## [THE PROBLEM]
The lines you need are those holding the word "islimpt"; pull them from the material.
┄┄┄┄┄┄┄┄┄┄
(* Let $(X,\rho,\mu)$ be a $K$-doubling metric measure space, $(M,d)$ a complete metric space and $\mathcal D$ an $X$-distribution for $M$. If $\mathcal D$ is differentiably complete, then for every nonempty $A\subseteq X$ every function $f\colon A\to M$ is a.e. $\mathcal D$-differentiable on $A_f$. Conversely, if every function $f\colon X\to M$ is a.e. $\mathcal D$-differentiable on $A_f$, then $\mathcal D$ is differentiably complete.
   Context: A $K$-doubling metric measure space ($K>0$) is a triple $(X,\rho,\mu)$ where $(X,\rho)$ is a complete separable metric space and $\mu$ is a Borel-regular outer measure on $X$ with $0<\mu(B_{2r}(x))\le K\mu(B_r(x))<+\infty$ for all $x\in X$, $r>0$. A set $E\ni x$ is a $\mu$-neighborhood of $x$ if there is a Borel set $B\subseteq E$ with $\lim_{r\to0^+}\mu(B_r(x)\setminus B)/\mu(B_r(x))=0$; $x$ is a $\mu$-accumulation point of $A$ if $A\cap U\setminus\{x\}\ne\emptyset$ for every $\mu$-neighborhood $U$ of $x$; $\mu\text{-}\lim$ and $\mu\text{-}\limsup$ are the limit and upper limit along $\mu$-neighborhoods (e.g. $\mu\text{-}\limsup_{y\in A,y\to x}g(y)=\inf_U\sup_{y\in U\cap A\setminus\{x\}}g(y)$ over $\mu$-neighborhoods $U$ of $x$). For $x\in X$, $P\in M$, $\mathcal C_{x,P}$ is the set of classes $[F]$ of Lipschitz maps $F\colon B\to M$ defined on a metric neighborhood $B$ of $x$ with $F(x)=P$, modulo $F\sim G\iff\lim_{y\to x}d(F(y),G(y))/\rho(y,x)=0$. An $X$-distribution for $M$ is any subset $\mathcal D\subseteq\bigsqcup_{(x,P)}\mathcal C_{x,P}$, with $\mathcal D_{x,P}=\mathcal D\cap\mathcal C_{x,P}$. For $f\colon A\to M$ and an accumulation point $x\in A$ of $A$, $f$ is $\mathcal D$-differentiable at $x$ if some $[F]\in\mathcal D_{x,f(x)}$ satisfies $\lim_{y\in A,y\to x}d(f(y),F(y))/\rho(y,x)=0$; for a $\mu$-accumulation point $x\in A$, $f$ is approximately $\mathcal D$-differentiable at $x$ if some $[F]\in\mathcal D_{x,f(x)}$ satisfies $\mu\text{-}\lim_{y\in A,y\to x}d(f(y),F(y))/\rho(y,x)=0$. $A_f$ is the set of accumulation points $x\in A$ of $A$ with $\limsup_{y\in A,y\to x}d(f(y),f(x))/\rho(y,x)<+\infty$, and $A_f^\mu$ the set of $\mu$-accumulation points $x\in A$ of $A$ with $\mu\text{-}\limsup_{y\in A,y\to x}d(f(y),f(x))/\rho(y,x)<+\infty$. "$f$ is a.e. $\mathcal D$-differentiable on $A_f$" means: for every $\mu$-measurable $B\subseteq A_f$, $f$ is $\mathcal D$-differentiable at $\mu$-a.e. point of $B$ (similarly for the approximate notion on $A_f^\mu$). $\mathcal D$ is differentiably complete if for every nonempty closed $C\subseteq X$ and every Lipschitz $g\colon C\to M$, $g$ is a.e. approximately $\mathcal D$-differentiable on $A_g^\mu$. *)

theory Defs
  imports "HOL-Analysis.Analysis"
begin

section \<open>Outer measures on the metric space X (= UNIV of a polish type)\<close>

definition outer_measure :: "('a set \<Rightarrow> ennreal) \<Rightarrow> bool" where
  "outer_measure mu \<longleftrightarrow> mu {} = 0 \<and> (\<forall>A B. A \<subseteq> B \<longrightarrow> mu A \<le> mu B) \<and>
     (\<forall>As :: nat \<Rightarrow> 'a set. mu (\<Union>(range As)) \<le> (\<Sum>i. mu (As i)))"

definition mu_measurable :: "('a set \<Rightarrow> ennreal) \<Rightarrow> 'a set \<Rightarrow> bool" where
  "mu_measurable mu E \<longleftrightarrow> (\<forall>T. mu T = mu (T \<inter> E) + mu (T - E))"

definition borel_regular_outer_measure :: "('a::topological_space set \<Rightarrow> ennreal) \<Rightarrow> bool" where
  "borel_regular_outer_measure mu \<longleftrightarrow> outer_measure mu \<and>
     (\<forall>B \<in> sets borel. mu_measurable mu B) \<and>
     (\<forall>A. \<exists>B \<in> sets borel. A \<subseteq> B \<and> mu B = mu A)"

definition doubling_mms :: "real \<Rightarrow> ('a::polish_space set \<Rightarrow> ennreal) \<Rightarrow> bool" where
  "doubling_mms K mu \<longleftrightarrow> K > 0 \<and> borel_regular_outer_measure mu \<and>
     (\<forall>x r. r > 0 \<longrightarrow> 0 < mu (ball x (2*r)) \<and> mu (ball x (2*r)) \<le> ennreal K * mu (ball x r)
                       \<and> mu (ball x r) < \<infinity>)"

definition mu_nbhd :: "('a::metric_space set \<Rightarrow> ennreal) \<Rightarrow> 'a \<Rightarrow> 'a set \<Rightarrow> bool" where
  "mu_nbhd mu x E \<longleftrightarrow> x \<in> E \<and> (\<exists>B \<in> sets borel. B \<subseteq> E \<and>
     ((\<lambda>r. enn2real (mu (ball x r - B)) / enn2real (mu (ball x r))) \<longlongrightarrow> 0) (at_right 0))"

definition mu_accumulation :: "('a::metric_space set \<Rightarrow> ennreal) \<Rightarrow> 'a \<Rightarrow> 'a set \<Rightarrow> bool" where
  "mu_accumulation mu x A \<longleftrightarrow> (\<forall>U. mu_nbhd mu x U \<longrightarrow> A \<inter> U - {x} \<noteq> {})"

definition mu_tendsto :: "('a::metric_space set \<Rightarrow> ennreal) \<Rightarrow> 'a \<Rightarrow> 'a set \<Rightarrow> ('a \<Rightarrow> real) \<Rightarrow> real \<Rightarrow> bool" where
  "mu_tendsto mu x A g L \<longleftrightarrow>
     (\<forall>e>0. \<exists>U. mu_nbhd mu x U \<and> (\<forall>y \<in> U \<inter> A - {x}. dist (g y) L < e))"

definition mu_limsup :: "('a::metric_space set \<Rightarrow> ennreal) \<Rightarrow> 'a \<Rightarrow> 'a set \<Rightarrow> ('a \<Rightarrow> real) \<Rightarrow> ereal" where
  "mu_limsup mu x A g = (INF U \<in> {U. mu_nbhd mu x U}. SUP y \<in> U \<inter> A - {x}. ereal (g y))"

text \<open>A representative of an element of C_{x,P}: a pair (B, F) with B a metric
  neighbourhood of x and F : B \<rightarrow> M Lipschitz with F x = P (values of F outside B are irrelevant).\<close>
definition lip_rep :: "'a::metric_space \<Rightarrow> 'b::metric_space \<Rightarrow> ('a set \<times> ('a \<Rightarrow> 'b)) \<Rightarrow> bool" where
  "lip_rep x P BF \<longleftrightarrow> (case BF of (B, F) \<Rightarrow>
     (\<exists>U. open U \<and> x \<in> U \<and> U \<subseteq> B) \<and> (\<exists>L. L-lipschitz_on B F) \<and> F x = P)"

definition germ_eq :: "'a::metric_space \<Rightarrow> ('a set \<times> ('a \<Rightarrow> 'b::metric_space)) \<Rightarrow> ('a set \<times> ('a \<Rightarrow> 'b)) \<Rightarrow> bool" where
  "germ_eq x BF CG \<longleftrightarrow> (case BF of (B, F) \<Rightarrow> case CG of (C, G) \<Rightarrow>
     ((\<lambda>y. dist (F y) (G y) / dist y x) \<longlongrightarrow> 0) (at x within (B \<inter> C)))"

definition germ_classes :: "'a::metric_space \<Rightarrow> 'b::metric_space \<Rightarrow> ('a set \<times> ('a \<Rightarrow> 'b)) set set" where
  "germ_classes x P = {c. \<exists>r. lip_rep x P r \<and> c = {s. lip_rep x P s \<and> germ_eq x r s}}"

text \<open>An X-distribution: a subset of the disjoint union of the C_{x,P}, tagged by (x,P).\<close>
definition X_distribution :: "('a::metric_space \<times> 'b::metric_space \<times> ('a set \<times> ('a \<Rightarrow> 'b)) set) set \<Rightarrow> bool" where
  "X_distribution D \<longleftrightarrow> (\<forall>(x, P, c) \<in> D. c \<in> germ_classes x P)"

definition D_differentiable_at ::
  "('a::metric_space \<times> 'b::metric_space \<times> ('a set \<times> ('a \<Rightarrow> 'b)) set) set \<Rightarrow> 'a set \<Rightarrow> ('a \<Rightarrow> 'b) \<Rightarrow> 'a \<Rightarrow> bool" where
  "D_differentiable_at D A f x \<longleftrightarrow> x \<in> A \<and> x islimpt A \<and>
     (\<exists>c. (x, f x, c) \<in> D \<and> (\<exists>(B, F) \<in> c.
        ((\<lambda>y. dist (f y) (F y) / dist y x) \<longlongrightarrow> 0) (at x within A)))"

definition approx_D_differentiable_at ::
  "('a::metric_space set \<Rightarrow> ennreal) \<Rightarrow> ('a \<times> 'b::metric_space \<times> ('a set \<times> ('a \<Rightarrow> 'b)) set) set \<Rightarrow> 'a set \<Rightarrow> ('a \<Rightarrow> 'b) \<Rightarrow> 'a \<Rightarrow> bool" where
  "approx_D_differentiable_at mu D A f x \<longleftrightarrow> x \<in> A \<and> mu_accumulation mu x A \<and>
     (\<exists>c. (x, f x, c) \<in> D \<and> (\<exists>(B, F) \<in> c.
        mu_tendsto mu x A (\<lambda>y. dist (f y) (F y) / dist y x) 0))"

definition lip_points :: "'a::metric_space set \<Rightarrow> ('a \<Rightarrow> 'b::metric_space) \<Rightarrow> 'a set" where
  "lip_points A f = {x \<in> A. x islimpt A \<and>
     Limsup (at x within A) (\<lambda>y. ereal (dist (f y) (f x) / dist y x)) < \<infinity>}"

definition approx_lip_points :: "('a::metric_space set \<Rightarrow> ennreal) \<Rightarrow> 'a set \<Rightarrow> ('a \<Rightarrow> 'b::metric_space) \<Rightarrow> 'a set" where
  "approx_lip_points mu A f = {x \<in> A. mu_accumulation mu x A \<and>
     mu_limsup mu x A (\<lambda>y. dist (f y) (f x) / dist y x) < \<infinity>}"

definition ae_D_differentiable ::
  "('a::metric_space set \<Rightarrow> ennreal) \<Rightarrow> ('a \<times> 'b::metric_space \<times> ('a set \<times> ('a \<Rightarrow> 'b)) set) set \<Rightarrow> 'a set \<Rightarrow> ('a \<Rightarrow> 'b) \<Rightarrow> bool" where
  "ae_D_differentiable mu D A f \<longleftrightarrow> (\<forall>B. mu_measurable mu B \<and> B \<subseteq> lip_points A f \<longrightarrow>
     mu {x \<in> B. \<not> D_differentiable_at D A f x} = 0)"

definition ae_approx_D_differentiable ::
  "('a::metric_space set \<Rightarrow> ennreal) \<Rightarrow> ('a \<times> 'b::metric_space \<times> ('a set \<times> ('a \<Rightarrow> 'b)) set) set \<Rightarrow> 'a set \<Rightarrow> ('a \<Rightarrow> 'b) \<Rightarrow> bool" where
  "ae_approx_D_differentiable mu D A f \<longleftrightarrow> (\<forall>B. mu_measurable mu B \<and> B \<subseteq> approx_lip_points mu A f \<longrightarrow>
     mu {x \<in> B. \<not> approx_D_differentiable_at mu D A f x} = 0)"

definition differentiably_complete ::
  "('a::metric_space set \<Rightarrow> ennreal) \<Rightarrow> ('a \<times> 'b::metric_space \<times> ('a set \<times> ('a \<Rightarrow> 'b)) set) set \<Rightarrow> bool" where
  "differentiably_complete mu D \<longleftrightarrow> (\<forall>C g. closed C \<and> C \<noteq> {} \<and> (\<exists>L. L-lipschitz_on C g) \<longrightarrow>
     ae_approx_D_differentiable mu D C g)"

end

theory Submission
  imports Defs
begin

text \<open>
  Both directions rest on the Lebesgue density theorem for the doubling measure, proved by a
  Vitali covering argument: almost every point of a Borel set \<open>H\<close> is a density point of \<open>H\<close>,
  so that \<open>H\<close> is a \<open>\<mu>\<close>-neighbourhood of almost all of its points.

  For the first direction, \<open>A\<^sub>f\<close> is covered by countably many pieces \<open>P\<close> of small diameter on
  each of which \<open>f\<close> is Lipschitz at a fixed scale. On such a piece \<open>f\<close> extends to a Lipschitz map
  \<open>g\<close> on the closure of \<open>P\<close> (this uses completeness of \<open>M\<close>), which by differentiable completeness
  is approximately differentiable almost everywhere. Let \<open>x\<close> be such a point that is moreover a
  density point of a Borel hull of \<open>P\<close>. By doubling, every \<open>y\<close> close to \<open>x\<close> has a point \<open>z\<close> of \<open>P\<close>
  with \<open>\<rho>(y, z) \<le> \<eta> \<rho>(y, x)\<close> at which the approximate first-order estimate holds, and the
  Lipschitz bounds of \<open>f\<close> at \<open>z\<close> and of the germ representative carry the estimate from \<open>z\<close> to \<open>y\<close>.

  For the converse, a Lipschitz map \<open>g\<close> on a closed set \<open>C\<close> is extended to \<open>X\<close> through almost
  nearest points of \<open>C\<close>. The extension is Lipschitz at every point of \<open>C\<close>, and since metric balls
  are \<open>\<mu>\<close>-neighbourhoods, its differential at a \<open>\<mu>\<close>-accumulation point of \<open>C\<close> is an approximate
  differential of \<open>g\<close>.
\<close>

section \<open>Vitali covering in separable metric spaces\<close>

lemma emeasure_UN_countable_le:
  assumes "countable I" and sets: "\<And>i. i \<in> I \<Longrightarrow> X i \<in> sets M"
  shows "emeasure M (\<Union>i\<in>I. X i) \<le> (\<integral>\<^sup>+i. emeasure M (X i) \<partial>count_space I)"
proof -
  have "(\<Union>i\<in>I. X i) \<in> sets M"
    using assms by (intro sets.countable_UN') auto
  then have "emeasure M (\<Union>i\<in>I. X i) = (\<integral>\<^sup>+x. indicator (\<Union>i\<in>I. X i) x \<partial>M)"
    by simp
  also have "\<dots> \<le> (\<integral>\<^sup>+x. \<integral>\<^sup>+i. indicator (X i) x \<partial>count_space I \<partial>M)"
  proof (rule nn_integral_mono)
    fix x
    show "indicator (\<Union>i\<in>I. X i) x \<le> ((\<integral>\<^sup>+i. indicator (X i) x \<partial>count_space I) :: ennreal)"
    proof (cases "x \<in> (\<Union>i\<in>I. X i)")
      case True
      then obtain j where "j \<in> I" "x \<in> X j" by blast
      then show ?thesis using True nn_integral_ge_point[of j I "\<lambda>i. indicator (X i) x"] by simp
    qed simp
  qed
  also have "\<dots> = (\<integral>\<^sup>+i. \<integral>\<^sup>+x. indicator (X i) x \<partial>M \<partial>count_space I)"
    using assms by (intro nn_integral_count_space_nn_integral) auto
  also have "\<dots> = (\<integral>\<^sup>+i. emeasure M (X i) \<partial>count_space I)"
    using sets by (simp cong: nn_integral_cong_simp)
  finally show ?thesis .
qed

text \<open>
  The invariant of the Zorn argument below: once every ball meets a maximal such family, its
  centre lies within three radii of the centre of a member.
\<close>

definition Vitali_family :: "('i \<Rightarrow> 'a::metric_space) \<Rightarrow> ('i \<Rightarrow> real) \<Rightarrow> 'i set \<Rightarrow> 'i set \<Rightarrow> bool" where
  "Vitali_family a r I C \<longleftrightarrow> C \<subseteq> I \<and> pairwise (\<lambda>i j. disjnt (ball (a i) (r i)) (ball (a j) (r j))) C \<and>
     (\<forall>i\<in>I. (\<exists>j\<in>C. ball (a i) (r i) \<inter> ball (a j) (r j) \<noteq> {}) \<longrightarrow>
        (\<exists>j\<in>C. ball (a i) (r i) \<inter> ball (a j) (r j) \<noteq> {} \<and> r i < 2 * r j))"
┄┄┄┄┄┄┄┄┄┄
## [EXERCISE OUTPUT]
  "D_differentiable_at D A f x \<longleftrightarrow> x \<in> A \<and> x islimpt A \<and>
  "lip_points A f = {x \<in> A. x islimpt A \<and>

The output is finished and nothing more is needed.